A verbatim reproduction of the lines below, from the line containing "using phi_pos[of x] by (simp add: Phi_ratio_def)" through the line containing "(Phi_ratio (d2 \<sigma> k", both ends included, is the whole required output.

(Saved data entries)
- Opening Delimiter -

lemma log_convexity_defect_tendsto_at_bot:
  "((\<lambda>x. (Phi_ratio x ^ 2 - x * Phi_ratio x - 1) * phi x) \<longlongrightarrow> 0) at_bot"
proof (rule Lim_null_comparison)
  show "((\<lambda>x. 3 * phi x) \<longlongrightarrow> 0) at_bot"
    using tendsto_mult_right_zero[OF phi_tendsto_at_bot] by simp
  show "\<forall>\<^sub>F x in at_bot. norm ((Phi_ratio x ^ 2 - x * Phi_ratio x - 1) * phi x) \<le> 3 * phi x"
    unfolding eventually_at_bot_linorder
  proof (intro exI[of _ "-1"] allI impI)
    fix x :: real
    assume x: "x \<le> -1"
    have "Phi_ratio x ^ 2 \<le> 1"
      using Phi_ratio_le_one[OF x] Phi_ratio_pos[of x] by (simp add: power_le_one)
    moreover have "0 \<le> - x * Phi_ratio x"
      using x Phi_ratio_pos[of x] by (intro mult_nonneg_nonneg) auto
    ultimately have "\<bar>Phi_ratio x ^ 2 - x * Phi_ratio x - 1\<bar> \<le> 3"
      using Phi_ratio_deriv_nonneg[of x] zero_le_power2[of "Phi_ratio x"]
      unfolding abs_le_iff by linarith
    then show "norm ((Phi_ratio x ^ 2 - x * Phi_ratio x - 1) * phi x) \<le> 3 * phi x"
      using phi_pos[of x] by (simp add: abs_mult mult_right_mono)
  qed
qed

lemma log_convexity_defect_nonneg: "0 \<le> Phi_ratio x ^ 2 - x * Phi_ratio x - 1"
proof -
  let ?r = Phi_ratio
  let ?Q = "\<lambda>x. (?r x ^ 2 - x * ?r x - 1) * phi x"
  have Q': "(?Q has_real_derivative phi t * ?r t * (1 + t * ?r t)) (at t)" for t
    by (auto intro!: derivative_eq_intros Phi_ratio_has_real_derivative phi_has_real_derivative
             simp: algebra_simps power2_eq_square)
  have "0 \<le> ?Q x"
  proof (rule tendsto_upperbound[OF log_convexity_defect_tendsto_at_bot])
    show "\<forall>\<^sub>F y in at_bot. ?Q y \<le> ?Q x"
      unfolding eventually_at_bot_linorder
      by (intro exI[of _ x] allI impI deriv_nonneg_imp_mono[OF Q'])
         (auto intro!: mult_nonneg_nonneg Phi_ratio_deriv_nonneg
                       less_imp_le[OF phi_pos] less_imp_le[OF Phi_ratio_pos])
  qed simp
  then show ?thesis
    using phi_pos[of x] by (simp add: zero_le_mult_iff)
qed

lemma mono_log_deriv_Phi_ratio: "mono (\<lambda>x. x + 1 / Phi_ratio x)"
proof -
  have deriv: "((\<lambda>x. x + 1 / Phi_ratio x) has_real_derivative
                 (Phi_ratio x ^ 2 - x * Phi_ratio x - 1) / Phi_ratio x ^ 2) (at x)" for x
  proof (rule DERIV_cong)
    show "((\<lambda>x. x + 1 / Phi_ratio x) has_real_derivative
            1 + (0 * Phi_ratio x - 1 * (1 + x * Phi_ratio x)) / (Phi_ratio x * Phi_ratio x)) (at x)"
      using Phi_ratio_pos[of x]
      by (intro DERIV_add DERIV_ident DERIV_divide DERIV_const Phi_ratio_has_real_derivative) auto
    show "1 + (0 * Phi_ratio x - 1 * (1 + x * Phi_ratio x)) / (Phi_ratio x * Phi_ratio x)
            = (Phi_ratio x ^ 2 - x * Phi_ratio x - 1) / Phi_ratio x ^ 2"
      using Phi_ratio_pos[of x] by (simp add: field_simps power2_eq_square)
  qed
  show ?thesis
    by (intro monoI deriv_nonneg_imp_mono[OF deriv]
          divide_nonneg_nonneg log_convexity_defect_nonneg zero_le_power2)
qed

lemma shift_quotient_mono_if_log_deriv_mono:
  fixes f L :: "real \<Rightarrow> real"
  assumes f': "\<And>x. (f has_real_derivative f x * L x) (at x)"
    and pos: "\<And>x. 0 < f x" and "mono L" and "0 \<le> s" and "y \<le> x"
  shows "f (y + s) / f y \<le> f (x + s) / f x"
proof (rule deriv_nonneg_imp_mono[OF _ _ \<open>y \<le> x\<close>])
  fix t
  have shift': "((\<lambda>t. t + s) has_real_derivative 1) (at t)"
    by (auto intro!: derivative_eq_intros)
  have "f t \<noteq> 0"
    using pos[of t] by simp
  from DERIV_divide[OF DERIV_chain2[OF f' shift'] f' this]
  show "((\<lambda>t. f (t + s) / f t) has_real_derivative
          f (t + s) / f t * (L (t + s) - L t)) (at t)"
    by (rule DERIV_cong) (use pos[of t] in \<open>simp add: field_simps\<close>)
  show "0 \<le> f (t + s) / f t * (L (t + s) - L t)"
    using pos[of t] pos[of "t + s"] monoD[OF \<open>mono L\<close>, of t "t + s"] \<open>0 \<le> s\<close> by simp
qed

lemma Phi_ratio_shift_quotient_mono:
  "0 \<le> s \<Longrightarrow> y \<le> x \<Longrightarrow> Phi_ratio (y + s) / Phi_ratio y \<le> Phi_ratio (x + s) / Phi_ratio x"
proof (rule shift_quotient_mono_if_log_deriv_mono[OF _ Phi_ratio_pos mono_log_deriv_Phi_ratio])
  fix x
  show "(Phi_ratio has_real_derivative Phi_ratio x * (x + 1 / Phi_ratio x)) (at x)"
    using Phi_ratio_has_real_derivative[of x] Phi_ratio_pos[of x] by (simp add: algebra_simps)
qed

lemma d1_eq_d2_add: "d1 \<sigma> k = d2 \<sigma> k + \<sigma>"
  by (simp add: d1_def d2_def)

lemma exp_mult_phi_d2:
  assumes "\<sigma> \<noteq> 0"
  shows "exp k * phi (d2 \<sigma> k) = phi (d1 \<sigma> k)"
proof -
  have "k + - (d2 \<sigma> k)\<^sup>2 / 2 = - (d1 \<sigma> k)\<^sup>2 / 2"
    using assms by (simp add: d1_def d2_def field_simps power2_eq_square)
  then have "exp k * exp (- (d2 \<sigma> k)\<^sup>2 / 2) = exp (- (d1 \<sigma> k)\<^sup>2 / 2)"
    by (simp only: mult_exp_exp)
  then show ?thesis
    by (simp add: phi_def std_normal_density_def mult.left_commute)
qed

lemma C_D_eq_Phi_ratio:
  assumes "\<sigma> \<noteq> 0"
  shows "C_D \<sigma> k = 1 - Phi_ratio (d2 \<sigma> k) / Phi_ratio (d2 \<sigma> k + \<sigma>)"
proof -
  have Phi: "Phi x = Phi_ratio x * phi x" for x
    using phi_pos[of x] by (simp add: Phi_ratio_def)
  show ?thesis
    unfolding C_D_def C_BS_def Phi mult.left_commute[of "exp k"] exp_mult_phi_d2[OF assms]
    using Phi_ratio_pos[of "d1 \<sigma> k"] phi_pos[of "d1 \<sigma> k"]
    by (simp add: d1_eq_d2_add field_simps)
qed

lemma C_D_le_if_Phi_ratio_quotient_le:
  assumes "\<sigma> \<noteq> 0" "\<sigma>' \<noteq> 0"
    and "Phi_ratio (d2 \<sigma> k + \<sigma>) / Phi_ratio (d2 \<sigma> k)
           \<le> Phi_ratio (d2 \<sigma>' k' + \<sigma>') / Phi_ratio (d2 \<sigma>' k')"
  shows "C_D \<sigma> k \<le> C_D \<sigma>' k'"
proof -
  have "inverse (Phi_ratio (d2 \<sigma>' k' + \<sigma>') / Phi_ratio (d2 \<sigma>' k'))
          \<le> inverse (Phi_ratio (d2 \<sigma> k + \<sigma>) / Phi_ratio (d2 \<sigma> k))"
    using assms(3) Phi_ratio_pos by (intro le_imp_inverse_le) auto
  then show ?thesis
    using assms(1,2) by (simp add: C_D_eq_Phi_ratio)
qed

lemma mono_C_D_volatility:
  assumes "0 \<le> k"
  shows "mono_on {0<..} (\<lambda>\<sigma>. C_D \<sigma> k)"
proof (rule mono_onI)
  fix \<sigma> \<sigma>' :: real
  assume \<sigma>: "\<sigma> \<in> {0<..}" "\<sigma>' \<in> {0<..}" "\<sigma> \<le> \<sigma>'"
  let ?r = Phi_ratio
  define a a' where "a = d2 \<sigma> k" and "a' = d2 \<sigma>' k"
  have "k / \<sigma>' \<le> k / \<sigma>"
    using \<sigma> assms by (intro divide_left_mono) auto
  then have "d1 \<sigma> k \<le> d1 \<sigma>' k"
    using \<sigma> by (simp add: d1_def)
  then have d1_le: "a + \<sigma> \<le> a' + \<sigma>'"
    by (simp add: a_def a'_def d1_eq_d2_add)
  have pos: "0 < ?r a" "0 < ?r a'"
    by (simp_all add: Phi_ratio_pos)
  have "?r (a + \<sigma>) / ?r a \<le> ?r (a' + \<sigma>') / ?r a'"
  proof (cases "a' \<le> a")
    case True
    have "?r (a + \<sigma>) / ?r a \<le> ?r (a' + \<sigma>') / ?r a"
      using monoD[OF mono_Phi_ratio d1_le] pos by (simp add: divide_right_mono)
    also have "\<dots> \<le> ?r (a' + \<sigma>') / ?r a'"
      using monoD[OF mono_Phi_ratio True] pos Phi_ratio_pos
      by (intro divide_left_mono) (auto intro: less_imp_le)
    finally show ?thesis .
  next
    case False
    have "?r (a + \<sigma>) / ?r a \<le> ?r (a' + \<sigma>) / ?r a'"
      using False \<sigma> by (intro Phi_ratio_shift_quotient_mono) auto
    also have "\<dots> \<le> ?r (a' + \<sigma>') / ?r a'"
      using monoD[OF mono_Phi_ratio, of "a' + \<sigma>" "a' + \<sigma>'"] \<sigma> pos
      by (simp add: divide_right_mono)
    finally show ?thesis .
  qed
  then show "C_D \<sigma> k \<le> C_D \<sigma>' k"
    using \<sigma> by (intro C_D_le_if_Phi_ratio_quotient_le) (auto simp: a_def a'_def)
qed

- Closing Delimiter -
- Opening Delimiter -

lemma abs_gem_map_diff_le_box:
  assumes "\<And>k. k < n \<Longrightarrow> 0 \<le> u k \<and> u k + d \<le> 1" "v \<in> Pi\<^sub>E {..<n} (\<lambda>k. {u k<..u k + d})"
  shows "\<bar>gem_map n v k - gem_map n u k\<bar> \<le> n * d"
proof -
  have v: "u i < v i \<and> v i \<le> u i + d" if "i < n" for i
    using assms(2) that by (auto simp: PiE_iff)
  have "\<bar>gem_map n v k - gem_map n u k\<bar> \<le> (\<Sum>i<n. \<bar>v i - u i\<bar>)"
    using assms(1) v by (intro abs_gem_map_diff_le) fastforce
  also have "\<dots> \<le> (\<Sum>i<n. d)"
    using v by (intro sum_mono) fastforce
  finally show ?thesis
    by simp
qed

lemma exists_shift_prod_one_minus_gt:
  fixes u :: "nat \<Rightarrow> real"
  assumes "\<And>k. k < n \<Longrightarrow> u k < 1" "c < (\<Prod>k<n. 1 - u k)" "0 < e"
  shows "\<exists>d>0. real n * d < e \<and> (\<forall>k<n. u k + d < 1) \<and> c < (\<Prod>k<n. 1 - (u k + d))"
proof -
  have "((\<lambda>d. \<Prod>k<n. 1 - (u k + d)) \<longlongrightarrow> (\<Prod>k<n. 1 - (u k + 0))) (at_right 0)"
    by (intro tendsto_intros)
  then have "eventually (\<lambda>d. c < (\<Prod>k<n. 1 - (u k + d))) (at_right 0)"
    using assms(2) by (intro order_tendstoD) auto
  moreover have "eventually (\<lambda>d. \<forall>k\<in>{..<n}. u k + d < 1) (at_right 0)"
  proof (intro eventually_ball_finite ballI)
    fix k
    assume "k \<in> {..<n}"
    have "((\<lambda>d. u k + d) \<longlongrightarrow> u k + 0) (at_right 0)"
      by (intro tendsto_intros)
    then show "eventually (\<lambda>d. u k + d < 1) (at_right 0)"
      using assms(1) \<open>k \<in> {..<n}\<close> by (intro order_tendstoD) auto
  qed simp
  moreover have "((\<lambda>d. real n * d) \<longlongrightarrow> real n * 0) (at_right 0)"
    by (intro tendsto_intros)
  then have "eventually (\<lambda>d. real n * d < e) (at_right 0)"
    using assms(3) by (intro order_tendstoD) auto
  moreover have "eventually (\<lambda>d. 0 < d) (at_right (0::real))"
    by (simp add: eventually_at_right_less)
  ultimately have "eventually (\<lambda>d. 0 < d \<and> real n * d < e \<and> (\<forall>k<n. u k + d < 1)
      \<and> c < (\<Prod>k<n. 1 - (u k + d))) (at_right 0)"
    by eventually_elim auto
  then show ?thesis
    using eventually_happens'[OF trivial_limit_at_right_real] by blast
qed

- Closing Delimiter -

OUTPUT BELOW »
    using phi_pos[of x] by (simp add: Phi_ratio_def)
  show ?thesis
    unfolding C_D_def C_BS_def Phi mult.left_commute[of "exp k"] exp_mult_phi_d2[OF assms]
    using Phi_ratio_pos[of "d1 \<sigma> k"] phi_pos[of "d1 \<sigma> k"]
    by (simp add: d1_eq_d2_add field_simps)
qed

lemma C_D_le_if_Phi_ratio_quotient_le:
  assumes "\<sigma> \<noteq> 0" "\<sigma>' \<noteq> 0"
    and "Phi_ratio (d2 \<sigma> k + \<sigma>) / Phi_ratio (d2 \<sigma> k)
           \<le> Phi_ratio (d2 \<sigma>' k' + \<sigma>') / Phi_ratio (d2 \<sigma>' k')"
  shows "C_D \<sigma> k \<le> C_D \<sigma>' k'"
proof -
  have "inverse (Phi_ratio (d2 \<sigma>' k' + \<sigma>') / Phi_ratio (d2 \<sigma>' k'))
          \<le> inverse (Phi_ratio (d2 \<sigma> k + \<sigma>) / Phi_ratio (d2 \<sigma> k))"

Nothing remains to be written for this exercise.